The Lisp Tutor (Anderson and Skwarecki, 1986) is a fully integrated learning environment which provides immediate feedback to the student to help them complete their program whenever they produce an error. The Lisp Tutor also predicts the construct that the student is attempting to create and provides them with a template to complete the rest of the code. Although the Lisp Tutor has been proved to help the students, it is also recognised that the immediate feedback can be too intrusive and does not support those students who would rather request assistance when they need it. Indeed, the immediate feedback presented exploits the line-by-line runtime interpretation afforded by Lisp and this is not common. SWANN (Brna and Mathieson, 1993) is an environment that supports the debugging of a small number of predefined programs written in Pascal. SWANN provides feedback to the novice in the form of (non-programming) plans or outlines. SWANN is able to provide a range of suggested solutions to the novice.
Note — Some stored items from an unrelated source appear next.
lemma zeta2_has_sum: "((\<lambda>n. 1 / (real n + 1)\<^sup>2) has_sum (pi\<^sup>2 / 6)) UNIV"
  by (rule sums_nonneg_imp_has_sum) (use inverse_squares_sums in \<open>simp_all add: add.commute\<close>)

lemma harm_average_le_1: "harm (2 * n + 2) / (2 * (real n + 1)) \<le> 1"
  using harm_le_real[of "2 * n + 2"] by simp

lemma inv_sq_diff_split:
  assumes "m < n"
  shows "inv_sq_diff m n / (real m + 1)\<^sup>2 - inv_sq_diff m n / (real n + 1)\<^sup>2
    = 1 / (real m + 1)\<^sup>2 * (1 / (real n + 1)\<^sup>2)"
proof -
  define a b where "a = (real m + 1)\<^sup>2" and "b = (real n + 1)\<^sup>2"
  have "0 < a" "a < b"
    using assms unfolding a_def b_def by (auto intro: power_strict_mono)
  then have gap: "1 / a - 1 / b = (b - a) / (a * b)" "b - a \<noteq> 0"
    by (simp_all add: field_simps)
  have "1 / (b - a) / a - 1 / (b - a) / b = 1 / (b - a) * (1 / a - 1 / b)"
    by (simp add: right_diff_distrib)
  also have "\<dots> = 1 / a * (1 / b)"
    using gap by simp
  finally have "1 / (b - a) / a - 1 / (b - a) / b = 1 / a * (1 / b)" .
  then show ?thesis
    unfolding inv_sq_diff_def a_def b_def .
qed

lemma zeta2_square_upper_has_sum:
  assumes zeta4: "((\<lambda>n. 1 / (real n + 1) ^ 4) has_sum z) UNIV"
  shows "((\<lambda>(m, n). 1 / (real m + 1)\<^sup>2 * (1 / (real n + 1)\<^sup>2)) has_sum (3 / 4 * z)) {(m, n). m < n}"
proof -
  have upper_triangle: "{(m, n). m < n} = (SIGMA m:UNIV. {m<..})"
    by auto
  define r where "r n = harm (2 * n + 2) / (2 * (real n + 1))" for n
  have r_nonneg: "0 \<le> r n" for n
    unfolding r_def by (simp add: harm_nonneg)
  have "r n / (real n + 1)\<^sup>2 \<le> 1 / (real n + 1)\<^sup>2" for n
    using harm_average_le_1[of n] unfolding r_def by (intro divide_right_mono) auto
  then have "(\<lambda>n. r n / (real n + 1)\<^sup>2) summable_on UNIV"
    using r_nonneg by (intro summable_on_comparison_test[OF has_sum_imp_summable[OF zeta2_has_sum]]) auto
  then obtain R where R: "((\<lambda>n. r n / (real n + 1)\<^sup>2) has_sum R) UNIV"
    by (auto simp: summable_on_def)
  have w_nonneg: "m < n \<Longrightarrow> 0 \<le> inv_sq_diff m n" for m n
    using inv_sq_diff_pos by (simp add: less_imp_le)
  have row: "((\<lambda>n. inv_sq_diff m n / (real m + 1)\<^sup>2) has_sum (r m / (real m + 1)\<^sup>2)) {m<..}" for m
    using has_sum_cmult_left[OF inv_sq_diff_row_has_sum[of m], of "1 / (real m + 1)\<^sup>2"]
    by (simp add: r_def)
  have rows: "((\<lambda>(m, n). inv_sq_diff m n / (real m + 1)\<^sup>2) has_sum R) (SIGMA m:UNIV. {m<..})"
    by (rule has_sum_SigmaI[OF _ R summable_on_SigmaI[OF _ has_sum_imp_summable[OF R]]])
      (use row w_nonneg in auto)
  define c where "c n = r n / (real n + 1)\<^sup>2 - 3 / 4 * (1 / (real n + 1) ^ 4)" for n
  have C: "(c has_sum (R - 3 / 4 * z)) UNIV"
    unfolding c_def by (intro has_sum_diff R has_sum_cmult_right zeta4)
  have column: "((\<lambda>m. inv_sq_diff m n / (real n + 1)\<^sup>2) has_sum c n) {..<n}" for n
  proof -
    have "(\<Sum>m<n. inv_sq_diff m n / (real n + 1)\<^sup>2) = c n"
      unfolding c_def r_def sum_divide_distrib[symmetric] inv_sq_diff_column_sum
      by (simp add: diff_divide_distrib power2_eq_square power4_eq_xxxx)
    then show ?thesis
      by (simp add: has_sum_finiteI)
  qed
  have "((\<lambda>(n, m). inv_sq_diff m n / (real n + 1)\<^sup>2) has_sum (R - 3 / 4 * z)) (SIGMA n:UNIV. {..<n})"
    by (rule has_sum_SigmaI[OF _ C summable_on_SigmaI[OF _ has_sum_imp_summable[OF C]]])
      (use column w_nonneg in auto)
  then have cols: "((\<lambda>(m, n). inv_sq_diff m n / (real n + 1)\<^sup>2) has_sum (R - 3 / 4 * z)) (SIGMA m:UNIV. {m<..})"
    by (subst (asm) has_sum_reindex_bij_witness[where j = prod.swap and i = prod.swap
          and T = "SIGMA m:UNIV. {m<..}"]) auto
  have "((\<lambda>(m, n). 1 / (real m + 1)\<^sup>2 * (1 / (real n + 1)\<^sup>2)) has_sum (R - (R - 3 / 4 * z)))
      (SIGMA m:UNIV. {m<..})"
    using has_sum_diff[OF rows cols]
    by (rule has_sum_cong[THEN iffD1, rotated]) (auto simp: inv_sq_diff_split)
  then show ?thesis
    unfolding upper_triangle by simp
qed
(* For $n\ge1$ let $\psi_n(x)=\sum_{i\in\mathbb Z}\phi_n(x-i)^2$, $x\in\mathbb R$, where $\phi_n$ is the basic limit function of $S_n$. Then $\psi_n$ is positive, symmetric ($\psi_n(-x)=\psi_n(x)$), and periodic with period $1$. Moreover $\int_0^1\psi_n(x)\,dx$ is of order $1/n$, i.e. $\int_0^1\psi_n(x)\,dx\sim 1/n$, and there is a real constant $C$, independent of $n$, such that $\|\psi_n\|_\infty\le C/n$ for all $n\ge1$.
   Context: For an integer $n\ge1$, the subdivision scheme $S_n$ acts on real sequences $\mathbf f^k=(f^k_i)_{i\in\mathbb Z}$ (the value $f^k_i$ being associated with the dyadic point $2^{-k}i$) by the refinement rules $$f^{k+1}_{2i}=\frac1{2n-1}\sum_{j=-n+1}^{n-1}f^k_{i+j},\qquad f^{k+1}_{2i+1}=\frac1{2n}\sum_{j=-n+1}^{n}f^k_{i+j}.$$ This scheme is convergent (for bounded initial data the values $f^k_i$ converge uniformly to $F(2^{-k}i)$ for a continuous $F$). The basic limit function $\phi_n$ is the limit function generated from $\delta$ ($\delta_0=1$, $\delta_i=0$ otherwise); it is continuous and supported in $[-2n+1,2n-1]$, so the sum defining $\psi_n$ is finite. *)

theory Defs
  imports "HOL-Analysis.Analysis"
begin

definition refine :: "nat \<Rightarrow> (int \<Rightarrow> real) \<Rightarrow> (int \<Rightarrow> real)" where
  "refine n f m =
     (let i = m div 2 in
      if even m
      then (1 / (2 * real n - 1)) * (\<Sum>j = - int n + 1 .. int n - 1. f (i + j))
      else (1 / (2 * real n)) * (\<Sum>j = - int n + 1 .. int n. f (i + j)))"

definition delta :: "int \<Rightarrow> real" where
  "delta i = (if i = 0 then 1 else 0)"

definition sub_delta :: "nat \<Rightarrow> nat \<Rightarrow> int \<Rightarrow> real" where
  "sub_delta n k = (refine n ^^ k) delta"

definition is_limit_function :: "(nat \<Rightarrow> int \<Rightarrow> real) \<Rightarrow> (real \<Rightarrow> real) \<Rightarrow> bool" where
  "is_limit_function f F \<longleftrightarrow> continuous_on UNIV F \<and>
     (\<forall>e>0. \<forall>\<^sub>F k in sequentially. \<forall>i. \<bar>f k i - F (real_of_int i / 2 ^ k)\<bar> < e)"

definition phi :: "nat \<Rightarrow> real \<Rightarrow> real" where
  "phi n = (THE F. is_limit_function (sub_delta n) F)"

definition psi :: "nat \<Rightarrow> real \<Rightarrow> real" where
  "psi n x = (\<Sum>\<^sub>\<infinity> i::int. (phi n (x - real_of_int i))\<^sup>2)"

end

theory Submission
  imports Defs
begin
The support is limited to a small subset of programs and requires a substantial attempt on the part of the student for the analysis to be useful. In addition to this, some of the suggested fixes are not sufficient to correct the program and may actually direct the student further away from the desired program operation.

IVC (Moore and Taylor, 2005) is an online tutor that presents the student with a series of programming exercises and provides context sensitive error messages and links to relevant

tutorial pages. The error message support provided includes syntax and recognised common semantic errors. IVC also allows students to ask questions in English. Allowing students to have a simple conversation with the support tool helps to guide the students towards a solution whilst supporting deep learning.